I was unable to use GridSearchCV and pass a params_grid due to the limitations of my home computer. I have tried passing in two hyperparameters `kernel` and `gamma`, which led to the python kernel to run for more than an hour. 

In [None]:
svc_pipe = Pipeline([('transform', transformer),
                     ('svc', SVC())])

In [None]:
svc_pipe.fit(X_train, y_train)

In [None]:
print('SupportVectorMachines results')
print(f'Training data score: {svc_pipe.score(X_train, y_train)}')
print(f'Test data score: {svc_pipe.score(X_test, y_test)}')

### Results

In [None]:
res_dict = {'model': ['KNN', 'Logistic Regression', 'DecisionTreeClassifier','SVC'],
           'train score': [0.8916, 0.8951, 0.8719, 0.9129],
           'test score': [0.8905, 0.8939, 0.8783, 0.8996],
           'Best param fit time': [0.09899, 0.1378, 0.2204, 'NaN']}

results_df = pd.DataFrame(res_dict).set_index('model')

In [None]:
results_df

### Conclusion

Despite not being able to get the best param fit time for the `SVC` classifer, I would say this is classifier performed best overall just by looking at the scores. I have a strong feeling that the fit time would be the lowest number as well.

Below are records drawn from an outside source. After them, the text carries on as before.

lemma card_components_insert_ge:
  fixes E :: "'a set set"
  assumes fin: "finite W" and s: "s \<notin> W"
  defines "N \<equiv> {C \<in> components E W. \<exists>y\<in>C. {s, y} \<in> E}"
  shows "card (components E W) + 1 \<le> card (components E (insert s W)) + card N"
proof -
  let ?Cs = "{y. reach_in E (insert s W) s y}"
  have finW: "finite (components E W)" by (rule finite_components[OF fin])
  have NW: "N \<subseteq> components E W" unfolding N_def by blast
  have "components E W - N \<subseteq> components E (insert s W)"
  proof
    fix C assume "C \<in> components E W - N"
    then have "C \<in> components E W" "\<not> (\<exists>y\<in>C. {s, y} \<in> E)" unfolding N_def by auto
    then show "C \<in> components E (insert s W)" by (rule component_insert_vertex)
  qed
  moreover have "?Cs \<in> components E (insert s W)" by (rule component_of) simp
  ultimately have sub: "insert ?Cs (components E W - N) \<subseteq> components E (insert s W)" by simp
  have "?Cs \<notin> components E W"
    using components_subset s reach_in_refl[of E "insert s W" s] by blast
  then have "card (insert ?Cs (components E W - N)) = card (components E W - N) + 1"
    using finW by simp
  also have "card (components E W - N) = card (components E W) - card N"
    using NW finW by (simp add: card_Diff_subset finite_subset)
  finally have "card (components E W) - card N + 1 \<le> card (components E (insert s W))"
    using card_mono[OF finite_components[OF finite.insertI[OF fin]] sub] by simp
  moreover have "card N \<le> card (components E W)" using NW finW card_mono by blast
  ultimately show ?thesis by linarith
qed

section \<open>Claw-freeness\<close>

lemma three_elements:
  assumes "3 \<le> card A"
  obtains x y z where "x \<in> A" "y \<in> A" "z \<in> A" "x \<noteq> y" "x \<noteq> z" "y \<noteq> z"
proof -
  have "Suc 2 \<le> card A" using assms by simp
  then obtain x B where B: "A = insert x B" "x \<notin> B" "2 \<le> card B"
    using card_le_Suc_iff[THEN iffD1] by blast
  then have "Suc 1 \<le> card B" by simp
  then obtain y D where D: "B = insert y D" "y \<notin> D" "1 \<le> card D"
    using card_le_Suc_iff[THEN iffD1] by blast
  then have "Suc 0 \<le> card D" by simp
  then obtain z F where F: "D = insert z F" "z \<notin> F"
    using card_le_Suc_iff[THEN iffD1] by blast
  show ?thesis using that[of x y z] B D F by auto
qed

lemma claw_freeD:
  assumes "claw_free V E" "c \<in> V" "a \<in> V" "b \<in> V" "d \<in> V" "distinct [c, a, b, d]"
    and "{c, a} \<in> E" "{c, b} \<in> E" "{c, d} \<in> E" "{a, d} \<notin> E" "{b, d} \<notin> E"
  shows "{a, b} \<in> E"
proof (rule ccontr)
  assume "{a, b} \<notin> E"
  with assms(2-) have "\<exists>c a b d. c \<in> V \<and> a \<in> V \<and> b \<in> V \<and> d \<in> V \<and>
     distinct [c, a, b, d] \<and> {c, a} \<in> E \<and> {c, b} \<in> E \<and> {c, d} \<in> E \<and>
     {a, b} \<notin> E \<and> {a, d} \<notin> E \<and> {b, d} \<notin> E"
    by (intro exI[of _ c] exI[of _ a] exI[of _ b] exI[of _ d]) simp
  then show False using assms(1) unfolding claw_free_def by blast
qed

lemma claw_free_neighbour_components:
  assumes cf: "claw_free V E" and W: "W \<subseteq> V" and s: "s \<in> V" "s \<notin> W"
  shows "card {C \<in> components E W. \<exists>y\<in>C. {s, y} \<in> E} \<le> 2"
proof (rule ccontr)
  let ?N = "{C \<in> components E W. \<exists>y\<in>C. {s, y} \<in> E}"
  assume "\<not> card ?N \<le> 2"
  then have "3 \<le> card ?N" by simp
  then obtain C1 C2 C3
    where C: "C1 \<in> ?N" "C2 \<in> ?N" "C3 \<in> ?N" "C1 \<noteq> C2" "C1 \<noteq> C3" "C2 \<noteq> C3"
    by (rule three_elements)
  then obtain a b d where abd: "a \<in> C1" "{s, a} \<in> E" "b \<in> C2" "{s, b} \<in> E" "d \<in> C3" "{s, d} \<in> E"
    by blast
  have comps: "C1 \<in> components E W" "C2 \<in> components E W" "C3 \<in> components E W"
    using C by auto
  have "a \<in> W" "b \<in> W" "d \<in> W" using abd comps components_subset by blast+
  moreover have "a \<noteq> b" "a \<noteq> d" "b \<noteq> d"
    using components_eqI[OF comps(1,2)] components_eqI[OF comps(1,3)] components_eqI[OF comps(2,3)]
      abd C(4-6) by blast+
  moreover have "{a, b} \<notin> E" "{a, d} \<notin> E" "{b, d} \<notin> E"
    using components_nonadjacent[OF _ _ comps(1,2)] components_nonadjacent[OF _ _ comps(1,3)]
      components_nonadjacent[OF _ _ comps(2,3)] abd C(4-6) by blast+
  ultimately show False
    using claw_freeD[OF cf s(1), of a b d] W s abd by auto
qed

lemma claw_free_card_components_insert:
  assumes "claw_free V E" "finite W" "W \<subseteq> V" "s \<in> V" "s \<notin> W"
  shows "card (components E W) \<le> card (components E (insert s W)) + 1"
  using card_components_insert_ge[of W s E] claw_free_neighbour_components[of V E W s] assms
  by linarith

section \<open>Toughness\<close>

lemma tough_half_iff:
  "tough V E (1/2) \<longleftrightarrow> (\<forall>S. cutset V E S \<longrightarrow> num_comp V E S \<le> 2 * card S)"
  unfolding tough_def by auto

lemma tough_le_toughness: "0 < t \<Longrightarrow> tough V E t \<Longrightarrow> ereal t \<le> toughness V E"
  unfolding toughness_def by (rule Sup_upper) blast

lemma tough_toughness:
  assumes tv: "toughness V E = ereal t" and t: "0 < t"
  shows "tough V E t"
  unfolding tough_def
proof (intro allI impI)
  fix S assume cs: "cutset V E S"
  define c where "c = real (num_comp V E S)"
  define n where "n = real (card S)"
  have c: "0 < c" using cs unfolding cutset_def c_def by simp
  show "c \<le> n / t"
  proof (rule ccontr)
    assume "\<not> c \<le> n / t"
    then have nct: "n / c < t" using c t by (simp add: field_simps)
    define t0 where "t0 = (n / c + t) / 2"
    have "0 \<le> n / c" using c by (simp add: n_def)
    then have t0: "0 < t0" "t0 < t" using nct unfolding t0_def by simp_all
    have "t' \<le> t0" if "0 < t'" "tough V E t'" for t'
    proof -
      have "c \<le> n / t'" using that(2) cs unfolding tough_def c_def n_def by blast
      then have "t' \<le> n / c" using that(1) c by (simp add: field_simps)
      then show ?thesis using nct unfolding t0_def by simp
    qed
    then have "toughness V E \<le> ereal t0"
      unfolding toughness_def using t0 by (intro Sup_least) auto
    then show False using tv t0 by simp
  qed
qed
lemma regular_bipartite_padded_packets:
  assumes "0 < d" "d \<le> g" "bij_betw \<pi> {..<d*g} {..<d*g}"
  shows "regular_bipartite (Inl ` {..<d*g} \<union> Inr ` padding_edges d g)
    (case_sum (grp d) fst) (case_sum (\<lambda>p. grp d (\<pi> p)) snd) {..<2*g - d} {..<2*g - d} g"
proof -
  have reg: "regular_bipartite {..<d*g} (grp d) (\<lambda>p. grp d (\<pi> p)) {..<g} {..<g} d"
    by (rule regular_bipartite_packets[OF assms(1,3)])
  have fin: "finite (padding_edges d g)" unfolding padding_edges_def by simp
  have packets: "card {p\<in>{..<d*g}. grp d p = x} = (if x < g then d else 0)"
    "card {p\<in>{..<d*g}. grp d (\<pi> p) = x} = (if x < g then d else 0)" for x
    using reg unfolding regular_bipartite_def by auto
  show ?thesis
    unfolding regular_bipartite_def
  proof (intro conjI ballI)
    show "finite (Inl ` {..<d*g} \<union> Inr ` padding_edges d g)" using fin by simp
    show "case_sum (grp d) fst e \<in> {..<2*g - d}" "case_sum (\<lambda>p. grp d (\<pi> p)) snd e \<in> {..<2*g - d}"
      if "e \<in> Inl ` {..<d*g} \<union> Inr ` padding_edges d g" for e
      using that grp_less[of _ d g] bij_betw_apply[OF assms(3)] assms(2)
      unfolding padding_edges_def by fastforce+
    fix x assume x: "x \<in> {..<2*g - d}"
    have "card {e \<in> Inl ` {..<d*g} \<union> Inr ` padding_edges d g. case_sum (grp d) fst e = x} =
        card {p\<in>{..<d*g}. grp d p = x} + card {z\<in>padding_edges d g. fst z = x}"
      using fin by (intro card_fibre_Plus) simp_all
    then show "card {e \<in> Inl ` {..<d*g} \<union> Inr ` padding_edges d g. case_sum (grp d) fst e = x} = g"
      using x assms(2) packets card_padding_edges_fibre[OF assms(2)] by simp
    have "card {e \<in> Inl ` {..<d*g} \<union> Inr ` padding_edges d g. case_sum (\<lambda>p. grp d (\<pi> p)) snd e = x} =
        card {p\<in>{..<d*g}. grp d (\<pi> p) = x} + card {z\<in>padding_edges d g. snd z = x}"
      using fin by (intro card_fibre_Plus) simp_all
    then show "card {e \<in> Inl ` {..<d*g} \<union> Inr ` padding_edges d g. case_sum (\<lambda>p. grp d (\<pi> p)) snd e = x} = g"
      using x assms(2) packets card_padding_edges_fibre[OF assms(2)] by simp
  qed simp_all
qed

Note: I did not include any plots as the objective of this practial application assignment was to assess the best classifer.

### Other Analysis

If I did not have the CPU limitations on my computer, I could further my analysis by incorporating additional hyperparameters and cross-validation as well with `GridSearchCV`. Also, `GridSearchCV` has an attribute `cv_results_` that can be used to dive even deeper into the analysis of the hyperparameters.